* TASK INSTRUCTIONS
Below are the entries; give again exactly the lines from the one mentioning "real \<Rightarrow> ('a" through the one mentioning "v) \<le> 1) \<and>", inclusive.

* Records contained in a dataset

################

(* There is an absolute constant $C$ such that for every finite graph $G$, \[\mathrm{rw}(G)\le 3\,\mathrm{fw}_\infty(G)+1\le C\cdot 2^{\mathrm{rw}(G)}+C.\] In particular, a class $\mathcal C$ of graphs has bounded rank-width if and only if $\sup_{G\in\mathcal C}\mathrm{fw}_\infty(G)<\infty$.
   Context: Graphs are finite, simple, undirected. For a bipartition $V(G)=A\uplus B$, the cut-rank $\mathrm{rk}_G(A,B)$ is the rank over the two-element field of the $A\times B$ $0/1$ matrix whose $(a,b)$ entry is $1$ iff $ab\in E(G)$. The rank-width $\mathrm{rw}(G)$ is the least $k$ such that there is a tree whose inner nodes have degree at most $3$ and whose leaves are the vertices of $G$ such that for every tree edge $e$, the bipartition of $V(G)$ into leaves on the two sides of $e$ has cut-rank at most $k$ (graphs with at most one vertex have rank-width $0$). Flipping sets $X,Y$ inverts adjacency of all pairs of distinct $x\in X,y\in Y$; a $k$-flip of $G$ is obtained by choosing a partition $\mathcal P$ of $V(G)$ with at most $k$ parts and flipping some pairs of (possibly equal) parts. Flipper game of radius $\infty$ and width $k$: $G_0=G$, runner chooses $v_0$; in round $i\ge1$ the flipper announces a $k$-flip $G_i$ of $G$, and the runner moves from $v_{i-1}$ to any vertex $v_i$ in the same connected component of $G_{i-1}$; the flipper wins if $v_i$ is isolated in $G_i$. $\mathrm{fw}_\infty(G)$ is the least $k$ for which the flipper has a winning strategy. *)

theory Defs
  imports Complex_Main "HOL-Library.Disjoint_Sets"
begin

definition graph :: "'a set \<Rightarrow> ('a \<Rightarrow> 'a \<Rightarrow> bool) \<Rightarrow> bool" where
  "graph V E \<longleftrightarrow> finite V \<and> (\<forall>x y. E x y \<longrightarrow> x \<in> V \<and> y \<in> V)
     \<and> (\<forall>x y. E x y \<longrightarrow> E y x) \<and> (\<forall>x. \<not> E x x)"

text \<open>Rows S (indexed by vertices of A) of the A x B adjacency matrix are linearly
independent over GF(2): no nonempty subset of them sums to zero.\<close>
definition gf2_indep :: "('a \<Rightarrow> 'a \<Rightarrow> bool) \<Rightarrow> 'a set \<Rightarrow> 'a set \<Rightarrow> bool" where
  "gf2_indep E S B \<longleftrightarrow>
     (\<forall>S'. S' \<subseteq> S \<longrightarrow> S' \<noteq> {} \<longrightarrow> (\<exists>b\<in>B. odd (card {a\<in>S'. E a b})))"

definition cutrank :: "('a \<Rightarrow> 'a \<Rightarrow> bool) \<Rightarrow> 'a set \<Rightarrow> 'a set \<Rightarrow> nat" where
  "cutrank E A B = Max {card S | S. S \<subseteq> A \<and> gf2_indep E S B}"
lemma conc_subset_Aplus: "K \<subseteq> Aplus A \<Longrightarrow> L \<subseteq> Aplus A \<Longrightarrow> conc K L \<subseteq> Aplus A"
  unfolding conc_def using Aplus_append by blast

lemma conc_one_letter: "Aplus {a} - conc (Aplus {a}) (Aplus {a}) = {[a]}"
proof (intro equalityI subsetI)
  fix w assume w: "w \<in> Aplus {a} - conc (Aplus {a}) (Aplus {a})"
  then obtain w' where w': "w = a # w'" "set w' \<subseteq> {a}" unfolding Aplus_def by (cases w) auto
  have "w' = []"
  proof (rule ccontr)
    assume "w' \<noteq> []"
    then have "w \<in> conc (Aplus {a}) (Aplus {a})"
      unfolding conc_def Aplus_def using w' by (intro CollectI exI[of _ "[a]"] exI[of _ w']) auto
    then show False using w by simp
  qed
  then show "w \<in> {[a]}" using w' by simp
next
  fix w assume "w \<in> {[a]}"
  moreover have "[a] \<notin> conc (Aplus {a}) (Aplus {a})"
    unfolding conc_def Aplus_def by (auto simp: Cons_eq_append_conv)
  ultimately show "w \<in> Aplus {a} - conc (Aplus {a}) (Aplus {a})" unfolding Aplus_def by auto
qed

lemma conc_vimage_map:
  assumes \<pi>: "\<And>a. a \<in> A \<Longrightarrow> \<pi> a \<in> B" and K: "K \<subseteq> Aplus A" and L: "L \<subseteq> Aplus A"
    and K\<pi>: "\<And>w. w \<in> Aplus A \<Longrightarrow> map \<pi> w \<in> K \<longleftrightarrow> w \<in> K"
    and L\<pi>: "\<And>w. w \<in> Aplus A \<Longrightarrow> map \<pi> w \<in> L \<longleftrightarrow> w \<in> L"
  shows "{w \<in> Aplus A. map \<pi> w \<in> conc (K \<inter> Aplus B) (L \<inter> Aplus B)} = conc K L"
proof (intro equalityI subsetI)
  fix w assume "w \<in> {w \<in> Aplus A. map \<pi> w \<in> conc (K \<inter> Aplus B) (L \<inter> Aplus B)}"
  then obtain u' v' where w: "w \<in> Aplus A" "map \<pi> w = u' @ v'" "u' \<in> K" "v' \<in> L" "u' \<noteq> []" "v' \<noteq> []"
    unfolding conc_def Aplus_def by auto
  define u where "u = take (length u') w"
  define v where "v = drop (length u') w"
  have wuv: "w = u @ v" unfolding u_def v_def by simp
  have mu: "map \<pi> u = u'" unfolding u_def using w(2) by (metis append_eq_conv_conj take_map)
  have mv: "map \<pi> v = v'" unfolding v_def using w(2) by (metis append_eq_conv_conj drop_map)
  have "u \<in> Aplus A" "v \<in> Aplus A" using w(1,5,6) mu mv wuv unfolding Aplus_def by auto
  then have "u \<in> K" "v \<in> L" using K\<pi> L\<pi> mu mv w(3,4) by blast+
  then show "w \<in> conc K L" using wuv unfolding conc_def by blast
next
  fix w assume "w \<in> conc K L"
  then obtain u v where uv: "w = u @ v" "u \<in> K" "v \<in> L" unfolding conc_def by blast
  have uvA: "u \<in> Aplus A" "v \<in> Aplus A" using uv K L by auto
  have "map \<pi> u \<in> Aplus B" "map \<pi> v \<in> Aplus B" using uvA \<pi> unfolding Aplus_def by auto
  then have "map \<pi> w \<in> conc (K \<inter> Aplus B) (L \<inter> Aplus B)"
    using uv uvA K\<pi> L\<pi> unfolding conc_def by auto
  then show "w \<in> {w \<in> Aplus A. map \<pi> w \<in> conc (K \<inter> Aplus B) (L \<inter> Aplus B)}"
    using uv uvA Aplus_append by blast
qed
(* For the Steiner tree problem with revenues, budgets and hop constraints (STPRBH), the partial-ordering model (P-STPRBH) is strictly stronger than the assignment model (A-STPRBH): for every STPRBH instance the LP relaxation values satisfy $\nu_{\text{P-STPRBH}}\le\nu_{\text{A-STPRBH}}$, and there exist STPRBH instances for which this inequality is strict.
   Context: STPRBH instance: a complete undirected graph $G=(V,E)$ with edge costs $c:E\to\mathbb{R}_{>0}$, node revenues $\rho:V\to\mathbb{R}_{\ge0}$, a root $r\in V$, a hop limit $H\ge1$ and a budget $B\ge0$. For every ordered pair $(u,v)$ of distinct nodes there is a variable $x_{u,v}$. Common $x$-constraints: (X1) $\sum_{u\neq v}x_{u,v}\le1$ for all $v\in V$; (X2) $\sum_{u\in V\setminus\{v,w\}}x_{u,v}\ge x_{v,w}$ for all $v\in V\setminus\{r\}$, $w\neq v$; (X3) $0\le x_{u,v}\le1$; (X5) $\sum_{uv\in E}c_{uv}(x_{u,v}+x_{v,u})\le B$. $\mathcal{P}^{STPRBH}$: all $(x,l,g)$ (with $l_{v,i},g_{i,v}$ for $v\in V$, $i=0,\dots,H$) satisfying (X1)–(X3),(X5) and $l_{r,0}=g_{0,r}=0$; $l_{v,1}=g_{H,v}=0$ for $v\neq r$; $l_{v,i}\le l_{v,i+1}$ and $g_{i,v}+l_{v,i+1}=1$ for $v\in V$, $i=0,\dots,H-1$; $l_{u,i}+g_{i,v}\ge x_{u,v}$ for $u\neq v$, $i=0,\dots,H$; $0\le l,g\le1$. $\mathcal{A}^{STPRBH}$: all $(x,y)$ (with $y_{v,i}$ for $v\in V$, $i=0,\dots,H$) satisfying (X1)–(X3),(X5) and $y_{r,0}=1$; $y_{r,i}=0$ for $i\ge1$; $y_{v,0}=0$ and $\sum_{i=1}^Hy_{v,i}=1$ for $v\neq r$; $y_{u,i}-y_{v,i+1}+x_{u,v}\le1$ for $u\neq v$, $i=0,\dots,H-1$; $y_{u,H}+x_{u,v}\le1$ for $u\neq v$; $0\le y\le1$. (A-STPRBH) and (P-STPRBH) maximize $\rho_r+\sum_{uv\in E}(x_{u,v}\rho_v+x_{v,u}\rho_u)$ over the integral points of $\mathcal{A}^{STPRBH}$ and $\mathcal{P}^{STPRBH}$ respectively. $\nu_M$ is the optimal value of the LP relaxation of ILP $M$. For a maximization problem, model $A$ is stronger than $B$ if $\nu_A\le\nu_B$ on all instances, and strictly stronger if moreover strict inequality holds for some instance. *)

theory Defs
  imports Main "HOL-Library.Multiset" Complex_Main
begin

text \<open>An STPRBH instance on the complete graph with node set V. Edge costs of the
undirected edge uv are given by a symmetric function c (c u v = c v u), positive on
distinct nodes.\<close>

definition stprbh_instance ::
  "'a set \<Rightarrow> ('a \<Rightarrow> 'a \<Rightarrow> real) \<Rightarrow> ('a \<Rightarrow> real) \<Rightarrow> 'a \<Rightarrow> nat \<Rightarrow> real \<Rightarrow> bool" where
  "stprbh_instance V c \<rho> r H B \<longleftrightarrow>
     finite V \<and> r \<in> V \<and> H \<ge> 1 \<and> B \<ge> 0 \<and>
     (\<forall>u\<in>V. \<forall>v\<in>V. u \<noteq> v \<longrightarrow> c u v = c v u \<and> c u v > 0) \<and>
     (\<forall>v\<in>V. \<rho> v \<ge> 0)"

definition arcs :: "'a set \<Rightarrow> ('a \<times> 'a) set" where
  "arcs V = {(u, v). u \<in> V \<and> v \<in> V \<and> u \<noteq> v}"

text \<open>Common constraints (X1), (X2), (X3), (X5).
 Sum over undirected edges uv of c_uv (x_uv + x_vu) equals the sum over arcs (u,v)
 of c_uv x_uv.\<close>
definition x_constraints ::
  "'a set \<Rightarrow> ('a \<Rightarrow> 'a \<Rightarrow> real) \<Rightarrow> 'a \<Rightarrow> real \<Rightarrow> ('a \<Rightarrow> 'a \<Rightarrow> real) \<Rightarrow> bool" where
  "x_constraints V c r B x \<longleftrightarrow>
     (\<forall>v\<in>V. (\<Sum>u\<in>V - {v}. x u v) \<le> 1) \<and>
     (\<forall>v\<in>V - {r}. \<forall>w\<in>V - {v}. (\<Sum>u\<in>V - {v, w}. x u v) \<ge> x v w) \<and>
     (\<forall>(u, v)\<in>arcs V. 0 \<le> x u v \<and> x u v \<le> 1) \<and>
     (\<Sum>(u, v)\<in>arcs V. c u v * x u v) \<le> B"

text \<open>Objective: rho_r + sum over edges uv of (x_uv rho_v + x_vu rho_u)
  = rho_r + sum over arcs (u,v) of x_uv rho_v.\<close>
definition stprbh_obj :: "'a set \<Rightarrow> ('a \<Rightarrow> real) \<Rightarrow> 'a \<Rightarrow> ('a \<Rightarrow> 'a \<Rightarrow> real) \<Rightarrow> real" where
  "stprbh_obj V \<rho> r x = \<rho> r + (\<Sum>(u, v)\<in>arcs V. x u v * \<rho> v)"

definition P_poly ::
  "'a set \<Rightarrow> ('a \<Rightarrow> 'a \<Rightarrow> real) \<Rightarrow> 'a \<Rightarrow> nat \<Rightarrow> real \<Rightarrow>
   (('a \<Rightarrow> 'a \<Rightarrow> real) \<times> ('a \<Rightarrow> nat \<Rightarrow> real) \<times> (nat \<Rightarrow> 'a \<Rightarrow> real)) set" where
  "P_poly V c r H B = {(x, l, g).
     x_constraints V c r B x \<and>
     l r 0 = 0 \<and> g 0 r = 0 \<and>
     (\<forall>v\<in>V - {r}. l v 1 = 0 \<and> g H v = 0) \<and>
     (\<forall>v\<in>V. \<forall>i<H. l v i \<le> l v (i + 1) \<and> g i v + l v (i + 1) = 1) \<and>
     (\<forall>(u, v)\<in>arcs V. \<forall>i\<le>H. l u i + g i v \<ge> x u v) \<and>
     (\<forall>v\<in>V. \<forall>i\<le>H. 0 \<le> l v i \<and> l v i \<le> 1 \<and> 0 \<le> g i v \<and> g i v \<le> 1)}"
lemma prop_iter_local:
  assumes "prop_state_wf n S" "\<And>e. e \<in> unexposed_edges n (snd S) \<Longrightarrow> H e = H' e"
  shows "(prop_step n H ^^ j) S = (prop_step n H' ^^ j) S"
  using assms
proof (induction j arbitrary: S)
  case 0
  then show ?case by simp
next
  case (Suc j)
  obtain Y D where S: "S = (Y, D)" by fastforce
  have step: "prop_step n H S = prop_step n H' S"
  proof (cases "Y = {}")
    case True
    then show ?thesis by (simp add: S prop_step_idle)
  next
    case False
    then show ?thesis unfolding S
      by (intro prop_step_local) (use Suc.prems S in auto)
  qed
  have "unexposed_edges n (snd (prop_step n H S)) \<subseteq> unexposed_edges n (snd S)"
    by (intro unexposed_edges_antimono) (auto simp: S prop_step_def Let_def)
  then have "(prop_step n H ^^ j) (prop_step n H S) = (prop_step n H' ^^ j) (prop_step n H S)"
    using Suc.prems by (intro Suc.IH prop_state_wf_step) auto
  then show ?case by (simp only: funpow_Suc_right comp_def step)
qed

definition edge_prob :: "real \<Rightarrow> real \<Rightarrow> nat set \<Rightarrow> real" where
  "edge_prob p2 p3 e = (if card e = 2 then p2 else p3)"

definition edge_pmf :: "real \<Rightarrow> real \<Rightarrow> nat set set \<Rightarrow> (nat set \<Rightarrow> bool) pmf" where
  "edge_pmf p2 p3 A = Pi_pmf A False (\<lambda>e. bernoulli_pmf (edge_prob p2 p3 e))"

lemma finite_possible_edges: "finite (possible_edges n)"
  unfolding possible_edges_def by (rule finite_subset[of _ "Pow {..<n}"]) auto

lemma finite_unexposed_edges: "finite (unexposed_edges n D)"
  unfolding unexposed_edges_def using finite_possible_edges by auto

################

* FINISHED TASK
  "'a set \<Rightarrow> ('a \<Rightarrow> 'a \<Rightarrow> real) \<Rightarrow> 'a \<Rightarrow> real \<Rightarrow> ('a \<Rightarrow> 'a \<Rightarrow> real) \<Rightarrow> bool" where
  "x_constraints V c r B x \<longleftrightarrow>
     (\<forall>v\<in>V. (\<Sum>u\<in>V - {v}. x u v) \<le> 1) \<and>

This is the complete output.